Asthma is a chronic disease affecting the airways that affects between 100 and 150 million people globally, with allergy and asthma being  one of the most common childhood diseases. One in four children under 10 years live with allergy. Ten percent of Belgians between 18 and 44 years old have asthma, 5% suffering  severely. Behind the statistics there are many human stories, such as that of Nadia   who developed a severe form of asthma over eight years ago.

Although treatment for asthma has greatly improved in recent years, with a reduction in the number of hospitalisations in Europe, the number of asthma patients in Belgium is increasing. This  is not unique to Belgium; according to the Belgian UCB Institute of Allergy, cases of asthma in Western Europe have doubled within the last 10 years. For example, In Germany, approximately 4 million people live with asthma, while roughly 1.1 million young people aged 0-15 and 4.3 million people aged over 16 have asthma. Approximately 1200 deaths are caused by asthma each year in the UK.

Children are suffering from transport pollution

A recent Lancet article stated that globally, 4 million new paediatric asthma cases could be attributable to Nitrogen Dioxide (NO2) pollution annually, with 64% of these occurring in urban areas.  Examining the data and the research, it is evident that a majority of asthma cases occur in cities. The authors of the research concluded that “traffic emissions should be a target for exposure-mitigation strategies. The adequacy of the WHO guideline for ambient NO2 concentrations might need to be revisited.”

Mapping Where Traffic Pollution Hurts Children Most

Research shows nearly one in five childhood asthma cases are caused by traffic-related air pollution. In an analysis of over 70 million children across the United States, an interactive heat map highlighted the number of asthma cases in children due to NO2. The heat map, which also looks at PM2.5 and PM10 shows that “childhood asthma attributable to traffic pollution across the US decreased, on average, by 33 percent between 2000 and 2010.” Unfortunately, children living in urban areas had twice the percentage of asthma cases attributable to NO2 when compared with children in rural areas. 18 percent of all childhood asthma cases were due to traffic-related air pollution.

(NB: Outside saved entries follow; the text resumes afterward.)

lemma mat_pow_eq_0_outside_closed:
  fixes Q :: "'s::finite \<Rightarrow> 's \<Rightarrow> real"
  assumes "x \<in> S"
    and closed: "\<And>z y. z \<in> S \<Longrightarrow> z \<noteq> y \<Longrightarrow> Q z y \<noteq> 0 \<Longrightarrow> y \<in> S"
    and "y \<notin> S"
  shows "mat_pow Q k x y = 0"
  using \<open>y \<notin> S\<close>
proof (induction k arbitrary: y)
  case 0
  then show ?case using \<open>x \<in> S\<close> by auto
next
  case (Suc k)
  have "mat_pow Q k x z * Q z y = 0" for z
    using Suc closed[of z y] by (cases "z \<in> S") auto
  then show ?case by (simp only: mat_pow.simps sum.neutral_const)
qed

lemma mat_exp_eq_0_outside_closed:
  fixes Q :: "'s::finite \<Rightarrow> 's \<Rightarrow> real"
  assumes "x \<in> S"
    and "\<And>z y. z \<in> S \<Longrightarrow> z \<noteq> y \<Longrightarrow> Q z y \<noteq> 0 \<Longrightarrow> y \<in> S"
    and "y \<notin> S"
  shows "mat_exp Q t x y = 0"
  by (simp add: mat_exp_def mat_pow_eq_0_outside_closed[OF assms])

lemma mat_exp_expectation_mono:
  fixes Q :: "'s::finite \<Rightarrow> 's \<Rightarrow> real"
  assumes nonneg: "\<And>t y. t \<ge> 0 \<Longrightarrow> mat_exp Q t x y \<ge> 0"
    and support: "\<And>t y. y \<notin> S \<Longrightarrow> mat_exp Q t x y = 0"
    and drift: "\<And>z. z \<in> S \<Longrightarrow> (\<Sum>y\<in>UNIV. Q z y * f y) \<ge> 0"
    and "0 \<le> s" "s \<le> t"
  shows "(\<Sum>y\<in>UNIV. mat_exp Q s x y * f y) \<le> (\<Sum>y\<in>UNIV. mat_exp Q t x y * f y)"
proof (rule DERIV_nonneg_imp_nondecreasing[OF \<open>s \<le> t\<close>])
  fix r :: real
  assume "s \<le> r" "r \<le> t"
  then have "mat_exp Q r x z * (\<Sum>y\<in>UNIV. Q z y * f y) \<ge> 0" for z
    using nonneg[of r z] support[of z r] drift[of z] \<open>0 \<le> s\<close>
    by (cases "z \<in> S") auto
  then show "\<exists>D. ((\<lambda>t. \<Sum>y\<in>UNIV. mat_exp Q t x y * f y) has_real_derivative D) (at r) \<and> D \<ge> 0"
    by (blast intro: has_real_derivative_mat_exp_expectation sum_nonneg)
qed

lemma mat_exp_expectation_le_initial:
  fixes Q :: "'s::finite \<Rightarrow> 's \<Rightarrow> real"
  assumes "\<And>t y. t \<ge> 0 \<Longrightarrow> mat_exp Q t x y \<ge> 0"
    and "\<And>t y. y \<notin> S \<Longrightarrow> mat_exp Q t x y = 0"
    and drift: "\<And>z. z \<in> S \<Longrightarrow> (\<Sum>y\<in>UNIV. Q z y * f y) \<le> 0"
    and "t \<ge> 0"
  shows "(\<Sum>y\<in>UNIV. mat_exp Q t x y * f y) \<le> f x"
proof -
  have "(\<Sum>y\<in>UNIV. Q z y * - f y) \<ge> 0" if "z \<in> S" for z
    using drift[OF that] by (simp add: sum_negf)
  from mat_exp_expectation_mono[of Q x S "\<lambda>y. - f y", OF assms(1,2) this order.refl \<open>t \<ge> 0\<close>]
  show ?thesis
    by (simp add: mat_exp_expectation_0 sum_negf)
qed

lemma Lim_at_top_le_if_mono_bounded:
  fixes f :: "real \<Rightarrow> real"
  assumes mono: "\<And>s t. 0 \<le> s \<Longrightarrow> s \<le> t \<Longrightarrow> f s \<le> f t"
    and bounded: "\<And>t. 0 \<le> t \<Longrightarrow> f t \<le> B"
  shows "Lim at_top f \<le> B"
proof -
  define l where "l = Sup (f ` {0..})"
  have bdd: "bdd_above (f ` {0..})"
    using bounded by (intro bdd_aboveI[of _ B]) auto
  have "(f \<longlongrightarrow> l) at_top"
  proof (rule increasing_tendsto)
    show "\<forall>\<^sub>F t in at_top. f t \<le> l"
      using eventually_ge_at_top[of "0::real"]
      by eventually_elim (auto simp: l_def intro!: cSup_upper bdd)
  next
    fix m
    assume "m < l"
    then obtain s where s: "s \<ge> 0" "m < f s"
      unfolding l_def using less_cSup_iff[OF _ bdd] by auto
    show "\<forall>\<^sub>F t in at_top. m < f t"
      using eventually_ge_at_top[of s] by eventually_elim (use s mono in force)
  qed
  then have "Lim at_top f = l"
    by (rule tendsto_Lim[OF trivial_limit_at_top_linorder])
  also have "l \<le> B"
    unfolding l_def using bounded by (intro cSup_least) auto
  finally show ?thesis .
qed

lemma sum_fun_upd:
  fixes f :: "'n::finite \<Rightarrow> 'c \<Rightarrow> 'b::ab_group_add"
  shows "(\<Sum>j\<in>UNIV. f j ((z(i := c)) j)) = (\<Sum>j\<in>UNIV. f j (z j)) - f i (z i) + f i c"
proof -
  have "(\<Sum>j\<in>UNIV - {i}. f j ((z(i := c)) j)) = (\<Sum>j\<in>UNIV - {i}. f j (z j))"
    by (intro sum.cong) auto
  then show ?thesis
    by (simp add: sum.remove[of UNIV i])
qed

lemma sir_rate_nonneg:
  assumes "\<And>i j. a i j \<ge> 0" "\<And>i. \<beta> i \<ge> 0" "\<And>i. \<delta> i \<ge> 0"
  shows "sir_rate a \<beta> \<delta> x y \<ge> 0"
  unfolding sir_rate_def using assms
  by (intro sum_nonneg add_nonneg_nonneg) (auto intro!: mult_nonneg_nonneg sum_nonneg)

lemma sir_rate_neq_0_imp_step:
  assumes "sir_rate a \<beta> \<delta> z y \<noteq> 0"
  obtains i where "z i = Sus" "y = z(i := Inf)" | i where "z i = Inf" "y = z(i := Rem)"
proof -
  have "\<exists>i. (z i = Sus \<and> y = z(i := Inf)) \<or> (z i = Inf \<and> y = z(i := Rem))"
  proof (rule ccontr)
    assume "\<not> ?thesis"
    then have "sir_rate a \<beta> \<delta> z y = 0"
      unfolding sir_rate_def by (intro sum.neutral) auto
    with assms show False by simp
  qed
  with that show ?thesis by blast
qed

fun comp_rank :: "comp \<Rightarrow> nat" where
  "comp_rank Sus = 0"
| "comp_rank Inf = 1"
| "comp_rank Rem = 2"

definition config_rank :: "('n::finite \<Rightarrow> comp) \<Rightarrow> nat" where
  "config_rank y = (\<Sum>i\<in>UNIV. comp_rank (y i))"

lemma config_rank_fun_upd:
  "config_rank (z(i := c)) + comp_rank (z i) = config_rank z + comp_rank c"
proof -
  have "int (config_rank (z(i := c)))
      = int (config_rank z) - int (comp_rank (z i)) + int (comp_rank c)"
    unfolding config_rank_def of_nat_sum by (rule sum_fun_upd)
  then show ?thesis by linarith
qed

lemma config_rank_less_if_sir_rate_neq_0:
  assumes "sir_rate a \<beta> \<delta> z y \<noteq> 0"
  shows "config_rank z < config_rank y"
  using assms
proof (cases rule: sir_rate_neq_0_imp_step)
  case (1 i)
  then show ?thesis using config_rank_fun_upd[of z i Inf] by simp
next
  case (2 i)
  then show ?thesis using config_rank_fun_upd[of z i Rem] by simp
qed

lemma mat_exp_sir_gen_nonneg:
  assumes "\<And>i j. a i j \<ge> 0" "\<And>i. \<beta> i \<ge> 0" "\<And>i. \<delta> i \<ge> 0" and "t \<ge> 0"
  shows "mat_exp (sir_gen a \<beta> \<delta>) t x y \<ge> 0"
proof (rule mat_exp_nonneg_graded[where r = config_rank])
  fix z y :: "'a \<Rightarrow> comp"
  assume "z \<noteq> y"
  then show "sir_gen a \<beta> \<delta> z y \<ge> 0"
    using sir_rate_nonneg[OF assms(1-3)] by (simp add: sir_gen_def)
  show "sir_gen a \<beta> \<delta> z y \<noteq> 0 \<Longrightarrow> config_rank z < config_rank y"
    using \<open>z \<noteq> y\<close> config_rank_less_if_sir_rate_neq_0 by (simp add: sir_gen_def)
qed (fact \<open>t \<ge> 0\<close>)

text \<open>Nodes never become susceptible again, so the chain stays among the configurations whose
  susceptible nodes were susceptible initially.\<close>
lemma mat_exp_sir_gen_eq_0_if_new_susceptible:
  assumes "y i = Sus" "x i \<noteq> Sus"
  shows "mat_exp (sir_gen a \<beta> \<delta>) t x y = 0"
proof (rule mat_exp_eq_0_outside_closed[where S = "{w. \<forall>i. w i = Sus \<longrightarrow> x i = Sus}"])
  fix z w
  assume "z \<in> {w. \<forall>i. w i = Sus \<longrightarrow> x i = Sus}" "z \<noteq> w" "sir_gen a \<beta> \<delta> z w \<noteq> 0"
  then show "w \<in> {w. \<forall>i. w i = Sus \<longrightarrow> x i = Sus}"
    by (auto simp: sir_gen_def split: if_splits elim!: sir_rate_neq_0_imp_step)
qed (use assms in auto)

lemma sir_rate_weighted_sum:
  "(\<Sum>y\<in>UNIV - {z}. sir_rate a \<beta> \<delta> z y * h y) =
   (\<Sum>i\<in>UNIV.
      (if z i = Sus then \<beta> i * (\<Sum>j\<in>UNIV. a i j * (if z j = Inf then 1 else 0)) * h (z(i := Inf))
       else 0)
    + (if z i = Inf then \<delta> i * h (z(i := Rem)) else 0))" (is "_ = ?rhs")
proof -
  have "(\<Sum>y\<in>UNIV - {z}. sir_rate a \<beta> \<delta> z y * h y) =
    (\<Sum>i\<in>UNIV. \<Sum>y\<in>UNIV - {z}.
        (if y = z(i := Inf) then (if z i = Sus then
           \<beta> i * (\<Sum>j\<in>UNIV. a i j * (if z j = Inf then 1 else 0)) * h (z(i := Inf)) else 0) else 0)
      + (if y = z(i := Rem) then (if z i = Inf then \<delta> i * h (z(i := Rem)) else 0) else 0))"
    unfolding sir_rate_def sum_distrib_right
    by (subst sum.swap) (intro sum.cong refl, auto)
  also have "\<dots> = ?rhs"
    by (intro sum.cong refl) (auto simp: sum.distrib fun_upd_idem_iff)
  finally show ?thesis .
qed

lemma sir_gen_apply:
  "(\<Sum>y\<in>UNIV. sir_gen a \<beta> \<delta> z y * g y) =
   (\<Sum>i\<in>UNIV.
      (if z i = Sus then \<beta> i * (\<Sum>j\<in>UNIV. a i j * (if z j = Inf then 1 else 0)) * (g (z(i := Inf)) - g z)
       else 0)
    + (if z i = Inf then \<delta> i * (g (z(i := Rem)) - g z) else 0))" (is "_ = ?rhs")
proof -
  have "(\<Sum>y\<in>UNIV. sir_gen a \<beta> \<delta> z y * g y) =
      sir_gen a \<beta> \<delta> z z * g z + (\<Sum>y\<in>UNIV - {z}. sir_gen a \<beta> \<delta> z y * g y)"
    by (subst sum.remove[of UNIV z]) auto
  also have "\<dots> = (\<Sum>y\<in>UNIV - {z}. sir_rate a \<beta> \<delta> z y * (g y - g z))"
    by (simp add: sir_gen_def sum_distrib_right sum_subtractf right_diff_distrib)
  also have "\<dots> = ?rhs"
    by (rule sir_rate_weighted_sum)
  finally show ?thesis .
qed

A Matter of Life and Death – the story of Ella Roberta Kissi-Debrah

Air pollution is not only very costly for our healthcare systems but affects real lives. Rosamund Kissi-Debrah came to Brussels in April 2019 to tell the story of her 9 year-old daughter, Ella Roberta who died, after suffering a number of asthma attacks caused by high levels of air pollution. Rosamund spoke compellingly of the harsh reality of the dangers of high levels of air pollution which also highlighted the role of science in tackling air pollution limits as well as the need for greater enforcement measures. Rosamund has helped EPHA launch a petition calling for efforts to reduce air pollution in Europe to be a political priority for the new European Commission.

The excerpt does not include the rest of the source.